These bills would amend sections 203 (j) and (k) of the Federal Property and Administrative Services Act of 1949 so as to authorize donations of surplus personal property, and disposals of surplus real property with a public benefit allowance, for certain purposes and to certain organizations not now eligible. H. R. 543 and H. R. 7067, identical bills, would extend eligibility to tax-supported public recreation agencies; H. R. 5448, to public and other nonprofit rehabilitation facilities and workshops (the property to be used for the rehabilitation of physically or mentally handicapped persons); and H. R. 5470, to municipalities for municipal purposes, including research, generally.

1. PERSONAL PROPERTY

Insofar as these bills would extend eligibility under the surplus personal property donation program, the reasons against enactment given in our recent adverse report on H. R. 242 and eight other bills are equally applicable to the present bills. (For your convenience, a copy of the other report is enclosed herewith.) We there pointed out that the extension of eligibility to municipalities for municipal purposes generally, let alone the additional adoption of other proposals, would require a return to the inordinately complex and expensive priority system prevailing under the Surplus Property Act of 1944, and that such proposals and others pending in the Congress posed the dilemma of either admitting to the program public and other nonprofit agencies of all types which were equally deserving, and thus diluting the program so as to be perhaps of little benefit to anyone, or, on the other hand, drawing new lines which would be difficult to justify on grounds of equity, and for that reason difficult to hold.
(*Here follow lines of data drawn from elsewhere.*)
lemma exists_dyadic_levels:
  assumes "0 < k" "0 < n"
  obtains J where "n \<le> 2 ^ (k * J)" "real J < 1 + ln (real n) / (real k * ln 2)"
proof -
  have "n < 2 ^ n"
    by (rule less_exp)
  also have "(2::nat) ^ n \<le> 2 ^ (k * n)"
    using assms(1) by (intro power_increasing) auto
  finally have ex: "\<exists>J. n \<le> 2 ^ (k * J)"
    by (intro exI[of _ n]) simp
  define J where "J = (LEAST J. n \<le> 2 ^ (k * J))"
  have "n \<le> 2 ^ (k * J)"
    unfolding J_def using LeastI_ex[OF ex] .
  moreover have "real J < 1 + ln (real n) / (real k * ln 2)"
  proof (cases J)
    case 0
    have "0 \<le> ln (real n) / (real k * ln 2)"
      using assms by (intro divide_nonneg_pos) auto
    then show ?thesis
      using 0 by simp
  next
    case (Suc J')
    then have "2 ^ (k * J') < n"
      using not_less_Least[of J' "\<lambda>J. n \<le> 2 ^ (k * J)"] J_def by fastforce
    then have "(2::real) ^ (k * J') < real n"
      by (metis of_nat_less_iff of_nat_numeral of_nat_power)
    then have "ln (2 ^ (k * J')) < ln (real n)"
      by simp
    then have "real J' * (real k * ln 2) < ln (real n)"
      by (simp add: ln_realpow mult_ac)
    then have "real J' < ln (real n) / (real k * ln 2)"
      using assms(1) by (simp add: pos_less_divide_eq)
    then show ?thesis
      using Suc by simp
  qed
  ultimately show ?thesis
    using that by blast
qed

lemma ln_ge_if_pow_le:
  assumes "3 \<le> k" "2 ^ (k - 1) \<le> n"
  shows "2 / 3 \<le> ln (real n) / (real k * ln 2)"
proof -
  have "real (2 ^ (k - 1)) \<le> real n"
    using assms(2) by linarith
  then have "ln (2 ^ (k - 1)) \<le> ln (real n)"
    by (intro ln_mono) auto
  then have "(real k - 1) * ln 2 \<le> ln (real n)"
    using assms(1) by (simp add: ln_realpow of_nat_diff)
  moreover have "2 / 3 * real k * ln 2 \<le> (real k - 1) * ln 2"
    using assms(1) by (intro mult_right_mono) auto
  moreover have "0 < real k * ln 2"
    using assms(1) by simp
  ultimately show ?thesis
    unfolding pos_le_divide_eq[OF \<open>0 < real k * ln 2\<close>] by linarith
qed

theorem theorem1:
  "\<exists>C::real. \<forall>(k::nat) (n::nat) (A::nat set).
     k \<ge> 3 \<longrightarrow> n \<ge> 2 ^ (k - 1) \<longrightarrow> A \<subseteq> {1..n} \<longrightarrow>
     \<not> contains_k_GP k (real ` A) \<longrightarrow>
     real n - real (card A) \<ge> gp_const k * real n - C * ln (real n) / real k"
proof (intro exI allI impI)
  fix k n :: nat and A :: "nat set"
  assume k: "k \<ge> 3" and n: "n \<ge> 2 ^ (k - 1)" and A: "A \<subseteq> {1..n}"
    and no_GP: "\<not> contains_k_GP k (real ` A)"
  define u where "u = ln (real n) / (real k * ln 2)"
  have "0 < k" "(0::nat) < 2 ^ (k - 1)"
    using k by simp_all
  with n have "0 < n"
    by linarith
  obtain J where J: "n \<le> 2 ^ (k * J)" "real J < 1 + u"
    using exists_dyadic_levels[OF \<open>0 < k\<close> \<open>0 < n\<close>] unfolding u_def by blast
  have "gp_const k * real n - 37 - 3 * real J \<le> real n - real (card A)"
    using GP_free_complement_ge[OF \<open>0 < k\<close> J(1) no_GP A] .
  moreover have "2 / 3 \<le> u"
    using ln_ge_if_pow_le[OF k n] by (simp add: u_def)
  moreover have "63 / ln 2 * ln (real n) / real k = 63 * u"
    by (simp add: u_def)
  ultimately show "real n - real (card A) \<ge> gp_const k * real n - 63 / ln 2 * ln (real n) / real k"
    using J(2) by linarith \<comment> \<open>\<open>37 + 3 J < 40 + 3 u \<le> 63 u\<close>\<close>
qed

end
We concluded that even to the extent that extension of the program might seem desirable and practicable at a future time the impact of the recent civil-defense donation amendment (Public Law 655, 84th Cong.) was not foreseeable at this time, and that, therefore, in any event, no recommendation for extension of the program should be made pending the accumulation of adequate experience under the civil-defense donation program. We estimated that this would require at least a year or two, in view of the newness of that program.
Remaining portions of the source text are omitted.